A staunch human rights advocate and barrister, she ran on the Labour ticket in that electorate in 2014. When not working or politicking she plays with old cars and motorbikes, sails, fishes, cooks or hides out on her boat.

11 Comments

  1. YogiBare says:

    Interesting article, thanks.
    Perhaps it could also be pointed out that there was a vast different between the two protagonists involved in causing death. The bowler is devastated by his action while the police office who killed Mr. Brown tells us in an interview that his conscience is clear. As the mother of the slain black man said, how can anyone’s conscience be clear when one has taken another’s life for any reason?

    • Kelly Ellis Kelly Ellis says:

      The bowler may well be devastated, but in the final analysis, he was throwing an object at another human’s head in the hope that he’d make a mistake when he tried to protect himself from this attempt to injure him. I guess he needs to be careful what he wishes for, lest he be devastated by the results.

      • YogiBare says:

        Ms. Ellis,
        I don’t agree that the bowler’s intention was to injury, much less kill, the batsman. I would agree that throwing a ball at his head was intended to intimidate him into making a mistake on that or subsequent deliveries. On the other hand I think the police officer would know pumping six bullets into Mr.Brown may well kill him.
        My main point was that the bowler is reported to be feeling terrible remorse at killing another human being, a normal response in my view, which the police officer appears not to share.

        • Kelly Ellis Kelly Ellis says:

          Silly old me, thinking that throwing a cricket ball at a person’s head could be done without intent to injure. Good luck arguing that one.

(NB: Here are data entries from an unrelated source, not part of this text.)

theorem mainTheorem10:
  fixes p q :: nat and \<alpha> :: "nat \<Rightarrow> nat \<Rightarrow> real"
  assumes "p \<ge> 1" and "q \<ge> 1"
    and "\<forall>(i, j)\<in>idx p q. 0 \<le> \<alpha> i j \<and> \<alpha> i j \<le> 1"
    and "(\<Sum>(i, j)\<in>idx p q. \<alpha> i j) = 1"
    and "\<alpha> 0 0 = 0"
  shows
    "(\<forall>i j i' j' t. (i, j) \<in> idx p q \<longrightarrow> (i', j') \<in> idx p q \<longrightarrow> t \<ge> 0 \<longrightarrow>
       (\<forall>A\<in>idx p q. \<forall>B\<in>idx p q.
          Ttil p q \<alpha> t (munit (i, j) (i', j')) A B =
          complex_of_real (1 / real (p * q)) *
          (\<Sum>(m, n)\<in>idx p q. Phi p q \<alpha> (p - m) (q - n) t *
             munit ((m + i) mod p, (n + j) mod q) ((m + i') mod p, (n + j') mod q) A B)))
   \<and> (\<forall>t. t \<ge> 0 \<longrightarrow>
       (\<forall>X\<in>idx p q \<times> idx p q. \<forall>Y\<in>idx p q \<times> idx p q.
          idtensor (Ttil p q \<alpha> t) (outer (OmegaRho p q) (OmegaRho p q)) X Y =
          complex_of_real (1 / real (p * q)) *
          (\<Sum>(m, n)\<in>idx p q. Phi p q \<alpha> (p - m) (q - n) t *
             outer (uvec p q m n) (uvec p q m n) X Y)))"
proof (intro conjI allI impI ballI)
  fix i j i' j' t A B
  assume "(i, j) \<in> idx p q" "(i', j') \<in> idx p q" "A \<in> idx p q" "B \<in> idx p q"
  then show "Ttil p q \<alpha> t (munit (i, j) (i', j')) A B =
      complex_of_real (1 / real (p * q)) *
      (\<Sum>(m, n)\<in>idx p q. Phi p q \<alpha> (p - m) (q - n) t *
         munit ((m + i) mod p, (n + j) mod q) ((m + i') mod p, (n + j') mod q) A B)"
    using assms(5) by (simp add: Ttil_munit case_prod_beta idx_add_def)
next
  fix t :: real and X Y
  assume "X \<in> idx p q \<times> idx p q" "Y \<in> idx p q \<times> idx p q"
  then obtain a c b d where X: "X = (a, c)" "a \<in> idx p q" "c \<in> idx p q"
    and Y: "Y = (b, d)" "b \<in> idx p q" "d \<in> idx p q" by auto
  have "idtensor (Ttil p q \<alpha> t) (outer (OmegaRho p q) (OmegaRho p q)) X Y
      = complex_of_real (1 / real (p * q)) * Ttil p q \<alpha> t (munit a b) c d"
    unfolding X(1) Y(1) idtensor_def case_prod_conv OmegaRho_block[OF X(2) Y(2)]
    using Ttil_series_munit[where \<alpha> = \<alpha>, OF X(3) Y(3) X(2) Y(2) assms(5)]
    by (intro Ttil_scale sums_summable)
  then show "idtensor (Ttil p q \<alpha> t) (outer (OmegaRho p q) (OmegaRho p q)) X Y =
      complex_of_real (1 / real (p * q)) *
      (\<Sum>(m, n)\<in>idx p q. Phi p q \<alpha> (p - m) (q - n) t * outer (uvec p q m n) (uvec p q m n) X Y)"
    using X Y assms(5)
    by (simp add: Ttil_munit outer_uvec case_prod_beta sum_distrib_left mult_ac)
qed

end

          • YogiBare says:

            Bowling is not the same as throwing and it’s called a bouncer because the ball hits the pitch before reaching the batsman. I have watched a lot of cricket and I have never seem a bowler aim a ball directly at a batsman’s head, yet alone throw a no-ball at it.
            I still don’t think any bowler intends to actually injure the batsman with the bouncer delivery. The ball used is hard and dangerous but can you imagine the size cricket stadiums would have to be if something like a tennis balll was used? There’s the rub, which brings me on to seam and swing bowling that could not be accomplished without the cricket ball design, ever spin bowlers would have to rethink their bowling style and ball grips.

  2. Sozare says:

    One could argue that Michael Brown was also willingly participating in a dangerous game, criminality. Had it not been for the surveillance tape of him robbing and pushing the shop keeper I might have been able to buy the story being told about him. But the truth is his actions prior to the shooting make the version of events told by the cop the far more plausible one.

  3. John says:

    I think there is too much of a focus on racial issues, the real problem in the States is to do with police brutality and corruption. The victims are the poor and lower class, who are or course largely black/minority, but all races suffer from the current state of affairs.

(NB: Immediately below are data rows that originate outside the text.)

(* Let $\gamma\ge1$ be an integer, $C\subset\{0,1,\dots,p^\gamma-1\}$ nonempty (viewed both as a subset of $\mathbb{Z}/p^\gamma\mathbb{Z}$ and of $\mathbb{Z}_p$), and $\Omega=\bigsqcup_{c\in C}(c+p^\gamma\mathbb{Z}_p)$. The following are equivalent: (i) $\Omega$ tiles $\mathbb{Z}_p$, i.e. there is $T\subset\mathbb{Z}_p$ such that $\mathbb{Z}_p$ is the disjoint union of the sets $\Omega+t$, $t\in T$; (ii) $C$ tiles $\mathbb{Z}/p^\gamma\mathbb{Z}$; (iii) $\Omega$ tiles $\mathbb{Q}_p$.
   Context: $p\ge2$ is a prime. $\mathfrak{m}$ is the Haar measure on $\mathbb{Q}_p$. $C$ tiles $\mathbb{Z}/p^\gamma\mathbb{Z}$ if there is $S\subset\mathbb{Z}/p^\gamma\mathbb{Z}$ such that every element of $\mathbb{Z}/p^\gamma\mathbb{Z}$ is uniquely written as $c+s$ with $c\in C$, $s\in S$. $\Omega$ tiles $\mathbb{Q}_p$ if there is $T\subset\mathbb{Q}_p$ with $\sum_{t\in T}1_\Omega(x-t)=1$ for $\mathfrak{m}$-a.e. $x$. *)

theory Defs
  imports Complex_Main "HOL-Computational_Algebra.Primes"
begin

text \<open>An element x of Q_p is represented
by the compatible family of its residues x mod p^n Z_p (n = 0,1,2,...), each residue
being taken as the unique representative in Z[1/p] \<inter> [0, p^n).  Thus
Q_p = inverse limit of Z[1/p] / p^n Z, and Z_p is the set of x whose residue mod
Z_p (the component n = 0) vanishes.\<close>

definition red :: "int \<Rightarrow> nat \<Rightarrow> rat \<Rightarrow> rat" where
  "red p n q = q - of_int p ^ n * of_int \<lfloor>q / of_int p ^ n\<rfloor>"

definition Qp :: "int \<Rightarrow> (nat \<Rightarrow> rat) set" where
  "Qp p = {f. \<forall>n. (\<exists>k::nat. \<exists>a::int. f n = of_int a / of_int p ^ k)
                 \<and> 0 \<le> f n \<and> f n < of_int p ^ n
                 \<and> f n = red p n (f (Suc n))}"

definition Zp :: "int \<Rightarrow> (nat \<Rightarrow> rat) set" where
  "Zp p = {f \<in> Qp p. f 0 = 0}"

definition qp_add :: "int \<Rightarrow> (nat \<Rightarrow> rat) \<Rightarrow> (nat \<Rightarrow> rat) \<Rightarrow> (nat \<Rightarrow> rat)" where
  "qp_add p x y = (\<lambda>n. red p n (x n + y n))"

definition qp_diff :: "int \<Rightarrow> (nat \<Rightarrow> rat) \<Rightarrow> (nat \<Rightarrow> rat) \<Rightarrow> (nat \<Rightarrow> rat)" where
  "qp_diff p x y = (\<lambda>n. red p n (x n - y n))"

definition qp_of_int :: "int \<Rightarrow> int \<Rightarrow> (nat \<Rightarrow> rat)" where
  "qp_of_int p c = (\<lambda>n. red p n (of_int c))"

text \<open>Membership in p^k Z_p (k an arbitrary integer).\<close>
definition in_pk :: "int \<Rightarrow> int \<Rightarrow> (nat \<Rightarrow> rat) \<Rightarrow> bool" where
  "in_pk p k y = (if 0 \<le> k then y (nat k) = 0
                  else (\<exists>m::int. of_int p ^ nat (- k) * y 0 = of_int m))"

definition qp_ball :: "int \<Rightarrow> (nat \<Rightarrow> rat) \<Rightarrow> int \<Rightarrow> (nat \<Rightarrow> rat) set" where
  "qp_ball p a k = {x \<in> Qp p. in_pk p k (qp_diff p x a)}"

text \<open>Null sets for the Haar measure m on Q_p (normalised by m(a + p^k Z_p) = p^(-k)):
outer measure zero, i.e. coverable by countably many balls of arbitrarily small total
measure.\<close>
definition haar_null :: "int \<Rightarrow> (nat \<Rightarrow> rat) set \<Rightarrow> bool" where
  "haar_null p N = (N \<subseteq> Qp p \<and>
     (\<forall>\<epsilon>>0. \<exists>(a :: nat \<Rightarrow> nat \<Rightarrow> rat) (k :: nat \<Rightarrow> int).
        (\<forall>i. a i \<in> Qp p) \<and> N \<subseteq> (\<Union>i. qp_ball p (a i) (k i)) \<and>
        summable (\<lambda>i. real_of_int p powr (- real_of_int (k i))) \<and>
        (\<Sum>i. real_of_int p powr (- real_of_int (k i))) < \<epsilon>))"

text \<open>Omega tiles Q_p: there is T \<subseteq> Q_p such that for m-a.e. x,
sum over t in T of 1_Omega(x - t) = 1, i.e. exactly one t \<in> T has x - t \<in> Omega.\<close>
definition tiles_Qp :: "int \<Rightarrow> (nat \<Rightarrow> rat) set \<Rightarrow> bool" where
  "tiles_Qp p \<Omega> = (\<exists>T \<subseteq> Qp p.
      haar_null p {x \<in> Qp p. \<not> (\<exists>!t. t \<in> T \<and> qp_diff p x t \<in> \<Omega>)})"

    I think focusing too much on race is only polarizing the discussion and does not help everyone to work towards a solution.

  4. Louisa says:

    Your analysis of cricket is way off.
    1) the ball is not hard so that it can hurt people
    2) the batsman isn’t angry. In this case the players were friends and had played together before.
    3) people are not supposed to get maimed or to die
    4) The bowlers don’t aim at the batsman’s head
    5) watching cricket does not make you complicit in crimes.

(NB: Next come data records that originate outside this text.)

lemma large_gaps_if_cut:
  assumes cut: "\<not> reachable (V - {c}) (del_vertices_edges E {c}) a b"
    and y: "y \<in> V - {c}"
  shows "2 \<le> \<bar>gap y\<bar>"
proof (rule ccontr)
  assume "\<not> ?thesis"
  then have "d a y \<le> d b y + 1" "d b y \<le> d a y + 1"
    unfolding gap_def by arith+
  then have "d a y < d a c + d c y" "d b y < d b c + d c y"
    using gdist_centre[of y] y gdist_neighbours_centre by simp_all
  then have a_y: "reachable (V - {c}) (del_vertices_edges E {c}) a y"
    and b_y: "reachable (V - {c}) (del_vertices_edges E {c}) b y"
    using y in_V by (simp_all add: vertices_reachable reachable_avoiding_if_gdist_less)
  have "reachable (V - {c}) (del_vertices_edges E {c}) a b"
    using reachable_trans[OF a_y reachable_sym[OF simple_graph_del_vertices[OF simple] b_y]] .
  with cut show False ..
qed

lemma transmission_convex_if_cut:
  assumes "\<not> reachable (V - {c}) (del_vertices_edges E {c}) a b"
  shows "2 * transmission V E c \<le> transmission V E a + transmission V E b"
proof -
  have "0 \<le> (\<Sum>y\<in>V - {c}. \<bar>gap y\<bar> - 2)"
    using large_gaps_if_cut[OF assms] by (intro sum_nonneg) force
  then show ?thesis
    using transmission_second_difference by linarith
qed

end

section \<open>Internal paths\<close>

locale internal_path =
  fixes V :: "'a set" and E :: "'a \<Rightarrow> 'a \<Rightarrow> bool" and w :: "nat \<Rightarrow> 'a" and k :: nat
  assumes simple: "simple_graph V E"
    and connected: "graph_connected V E"
    and length_ge_2: "k \<ge> 2"
    and path_in_V: "\<forall>i\<le>k. w i \<in> V"
    and path_inj: "inj_on w {0..k}"
    and path_edges: "\<forall>i<k. E (w i) (w (i + 1))"
    and interior_degree: "\<forall>i\<in>{1..k-1}. degree V E (w i) = 2"
begin

abbreviation "interior \<equiv> w ` {1..k-1}"

abbreviation "reachable_H \<equiv> reachable (V - interior) (del_vertices_edges E interior)"

lemmas edge_sym = simple_graph_edge_sym[OF simple]

lemma w_eq_iff: "i \<le> k \<Longrightarrow> j \<le> k \<Longrightarrow> w i = w j \<longleftrightarrow> i = j"
  using path_inj by (auto simp: inj_on_def)

lemma w_in_interior_iff: "j \<le> k \<Longrightarrow> w j \<in> interior \<longleftrightarrow> 0 < j \<and> j < k"
  using w_eq_iff by force

lemma ends_outside_interior: "w 0 \<in> V - interior" "w k \<in> V - interior"
  using path_in_V w_in_interior_iff[of 0] w_in_interior_iff[of k] by auto

lemma interior_neighbours:
  assumes "0 < j" "j < k"
  shows "{y \<in> V. E (w j) y} = {w (j - 1), w (j + 1)}"
proof (rule card_subset_eq[symmetric])
  show "finite {y \<in> V. E (w j) y}"
    using simple by (simp add: simple_graph_def)
  have "E (w (j - 1)) (w j)" "E (w j) (w (j + 1))"
    using assms path_edges[rule_format, of "j - 1"] path_edges[rule_format, of j] by simp_all
  then show "{w (j - 1), w (j + 1)} \<subseteq> {y \<in> V. E (w j) y}"
    using assms path_in_V edge_sym by auto
  show "card {w (j - 1), w (j + 1)} = card {y \<in> V. E (w j) y}"
    using assms interior_degree w_eq_iff[of "j - 1" "j + 1"] by (simp add: degree_def)
qed

lemma interior_vertex_degree_two:
  "i + 2 \<le> k \<Longrightarrow> degree_two_vertex V E (w i) (w (i + 1)) (w (i + 2))"
  using simple connected interior_neighbours[of "i + 1"] w_eq_iff[of i "i + 2"]
  by unfold_locales (simp_all add: numeral_2_eq_2)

    The ‘loser’ is ‘humiliated’ and ‘lampooned’? Stop being so emotive. These men loved the game.

    One of the worst pieces of writing I’ve ever seen on the Daily Blog.

    • Destructo says:

      Bizarre to the point where you might have thought this was satire.

      A worthwhile point exists around the media attention given to sportspeople or minor celebs over everyday victims of police brutality or racial profiling. It’s hard to see how cricket as a “rich white man’s sport” has much to do with it though, given it’s popularity. They’d be a similar reaction if an All Black were killed on the field.